"Fangio – Racing Driver"
by Olivier Merlin. Translated by Louis Klemantaski. 216 pp. 8-3/4 in. x 5-1/2 in. (B.T. Batsford and Co. Ltd., 4, Fitzhardinge Street, London, W.1. 21s.)
A really satisfactory book about Fangio – or about Nuvolari, for that matter, two of the greatest drivers who ever lived – has yet to be written, giving all the intimate glimpses one would like to have or how they began their racing careers, the cars they drove on the road as well as on the circuits, their friends, their homes. But Olivier Merlin, a personal friend of Fangio, has very nearly got there with this latest Batsford biography.

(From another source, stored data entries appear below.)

(* Let $g=\frac{\sqrt5-1}2$, $g\le\alpha<\beta\le1$, $x\in[\alpha-1,\alpha)$, $z\in[\beta-1,\beta)$ with $z-x\in\{0,1\}$ or $x+z\in\{0,1\}$. Let $n\ge1$ be such that $T_\alpha^{n-1}(x)<\frac{\beta}{\beta+1}$. Then there is some $k\ge1$ such that $T_\beta^k(z)-T_\alpha^n(x)\in\{0,1\}$ or $T_\alpha^n(x)+T_\beta^k(z)\in\{0,1\}$.
   Context: For $\alpha\in[\tfrac12,1]$, $T_\alpha:[\alpha-1,\alpha)\to[\alpha-1,\alpha)$ is $T_\alpha(x)=\frac1x-\lfloor\frac1x+1-\alpha\rfloor$ for $x\ne0$, $T_\alpha(0)=0$. *)

theory Defs
  imports Complex_Main
begin

definition T :: "real \<Rightarrow> real \<Rightarrow> real" where
  "T \<alpha> x = (if x = 0 then 0 else 1 / x - of_int \<lfloor>1 / x + 1 - \<alpha>\<rfloor>)"

definition g :: real where
  "g = (sqrt 5 - 1) / 2"

end

theory Submission
  imports Defs
begin

text \<open>Each application of \<open>T\<^sub>\<alpha>\<close> is \<open>y \<mapsto> 1/y\<close> up to an integer translation, so the relation
  ``\<open>w \<equiv> \<plusminus>y\<close> modulo \<open>\<int>\<close>'' is carried along by the maps \<open>T\<^sub>\<alpha>\<close> and \<open>T\<^sub>\<beta>\<close> as soon as the
  reciprocals are related; on the domains \<open>[\<alpha>-1,\<alpha>)\<close> and \<open>[\<beta>-1,\<beta>)\<close> this relation is exactly
  \<open>w - y \<in> {0,1}\<close> or \<open>y + w \<in> {0,1}\<close>. Starting from a matched pair \<open>(y, w)\<close>, a case analysis on
  \<open>w \<in> {y, -y, y+1, 1-y}\<close> shows that \<open>T\<^sub>\<alpha> y\<close> is matched with some \<open>T\<^sub>\<beta>\<^sup>i w\<close>, \<open>i \<ge> 1\<close>,
  except possibly when \<open>w = 1 - y\<close> with \<open>y \<ge> \<beta>/(\<beta>+1)\<close>; then at least \<open>T\<^sub>\<alpha>\<^sup>2 y\<close> is matched
  with some \<open>T\<^sub>\<beta>\<^sup>i w\<close>. So along the \<open>T\<^sub>\<alpha>\<close>-orbit of \<open>x\<close> a matching can only be skipped right
  after a point \<open>\<ge> \<beta>/(\<beta>+1)\<close>.\<close>

definition pm_cong :: "real \<Rightarrow> real \<Rightarrow> bool" where
  "pm_cong u v \<longleftrightarrow> (\<exists>m::int. v = u + of_int m \<or> v = - u + of_int m)"

definition matched :: "real \<Rightarrow> real \<Rightarrow> bool" where
  "matched y w \<longleftrightarrow> w - y \<in> {0, 1} \<or> y + w \<in> {0, 1}"

lemma pm_cong_add_int: "pm_cong u (u + of_int m)"
  unfolding pm_cong_def by blast

lemma pm_cong_neg_add_int: "pm_cong u (- u + of_int m)"
  unfolding pm_cong_def by blast

lemma T_eq_inverse_add_int: "\<exists>m::int. T a y = 1 / y + of_int m"
  by (intro exI[of _ "if y = 0 then 0 else - \<lfloor>1 / y + 1 - a\<rfloor>"]) (simp add: T_def)

lemma T_eq_inverse_minus:
  assumes "y \<noteq> 0" "of_int c \<le> 1 / y + 1 - a" "1 / y + 1 - a < of_int c + 1"
  shows "T a y = 1 / y - of_int c"
proof -
  have "\<lfloor>1 / y + 1 - a\<rfloor> = c" using assms(2,3) by (simp add: floor_eq_iff)
  then show ?thesis using assms(1) by (simp add: T_def)
qed

lemma pm_cong_T_T:
  assumes "pm_cong (1 / u) (1 / v)"
  shows "pm_cong (T a u) (T b v)"
proof -
  obtain m1 :: int where m1: "T a u = 1 / u + m1" using T_eq_inverse_add_int by blast
  obtain m2 :: int where m2: "T b v = 1 / v + m2" using T_eq_inverse_add_int by blast
  obtain k :: int where "1 / v = 1 / u + k \<or> 1 / v = - (1 / u) + k"
    using assms unfolding pm_cong_def by blast
  then show ?thesis
  proof
    assume "1 / v = 1 / u + k"
    then have "T b v = T a u + of_int (k + m2 - m1)" using m1 m2 by simp
    then show ?thesis using pm_cong_add_int by metis
  next
    assume "1 / v = - (1 / u) + k"
    then have "T b v = - T a u + of_int (k + m1 + m2)" using m1 m2 by simp
    then show ?thesis using pm_cong_neg_add_int by metis
  qed
qed

lemma T_in_domain:
  assumes "0 < a" "a \<le> 1" "a - 1 \<le> y" "y < a"
  shows "a - 1 \<le> T a y \<and> T a y < a"
proof (cases "y = 0")
  case True
  then show ?thesis using assms by (simp add: T_def)
next
  case False
  then have "T a y = 1 / y - of_int \<lfloor>1 / y + 1 - a\<rfloor>" by (simp add: T_def)
  moreover have "of_int \<lfloor>1 / y + 1 - a\<rfloor> \<le> 1 / y + 1 - a" "1 / y + 1 - a < of_int \<lfloor>1 / y + 1 - a\<rfloor> + 1"
    by linarith+
  ultimately show ?thesis by linarith
qed

lemma funpow_T_in_domain:
  assumes "0 < a" "a \<le> 1" "a - 1 \<le> y" "y < a"
  shows "a - 1 \<le> (T a ^^ n) y \<and> (T a ^^ n) y < a"
  by (induction n) (use assms T_in_domain in auto)

lemma g_gt_half: "1 / 2 < g"
proof -
  have "2 < sqrt 5" by (rule real_less_rsqrt) simp
  then show ?thesis unfolding g_def by simp
qed

lemma g_mult_one_plus_g: "g * (1 + g) = 1"
proof -
  have "sqrt 5 * sqrt 5 = 5" by simp
  then show ?thesis unfolding g_def by (simp add: field_simps)
qed

lemma nat_induct_skip:
  assumes "P 0"
    and step: "\<And>j. P j \<Longrightarrow> P (Suc j) \<or> Q j \<and> P (Suc (Suc j))"
    and "\<not> Q n"
  shows "P (Suc n)"
proof -
  have "P j \<or> 0 < j \<and> Q (j - 1) \<and> P (Suc j)" for j
    by (induction j) (use assms(1) step in auto)
  then show ?thesis using step assms(3) by blast
qed

locale alpha_beta_pair =
  fixes \<alpha> \<beta> :: real
  assumes g_le_alpha: "g \<le> \<alpha>" and alpha_lt_beta: "\<alpha> < \<beta>" and beta_le_one: "\<beta> \<le> 1"
begin

lemma alpha_gt_half: "1 / 2 < \<alpha>"
  using g_gt_half g_le_alpha by linarith

lemma inverse_alpha_le: "1 / \<alpha> \<le> 1 + \<alpha>"
proof -
  have "g * (1 + g) \<le> \<alpha> * (1 + \<alpha>)"
    using g_le_alpha g_gt_half by (intro mult_mono) auto
  then show ?thesis using g_mult_one_plus_g alpha_gt_half by (simp add: field_simps)
qed

lemma pm_cong_imp_matched:
  assumes "\<alpha> - 1 \<le> y" "y < \<alpha>" "\<beta> - 1 \<le> w" "w < \<beta>" "pm_cong y w"
  shows "matched y w"
proof -
  obtain m :: int where m: "w = y + m \<or> w = - y + m" using assms(5) pm_cong_def by auto
  have "- 1 < real_of_int m" "real_of_int m < 2"
    using m assms(1-4) alpha_gt_half alpha_lt_beta beta_le_one by auto
  then have "- 1 < m" "m < 2" by simp_all
  then have "m = 0 \<or> m = 1" by arith
  then show ?thesis using m unfolding matched_def by auto
qed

If you want to learn as much as you are ever likely to know about the man who was five times World Champion – for instance, that his heart beat is very slow, at 44 to the minute – this is the book, well translated, illustrated with very clear pictures, printed on good paper. The account of what was perhaps Fangio’s greatest race, at Nürburg in 1957, is quoted from Motor Sport.
The book concludes with tables of Fangio’s successes, there are some rather elementary footnotes on some pages, and I do wish the author wouldn’t refer to Grand Prix Mercedes-Benz racing cars as “Silver Arrows.” – W. B.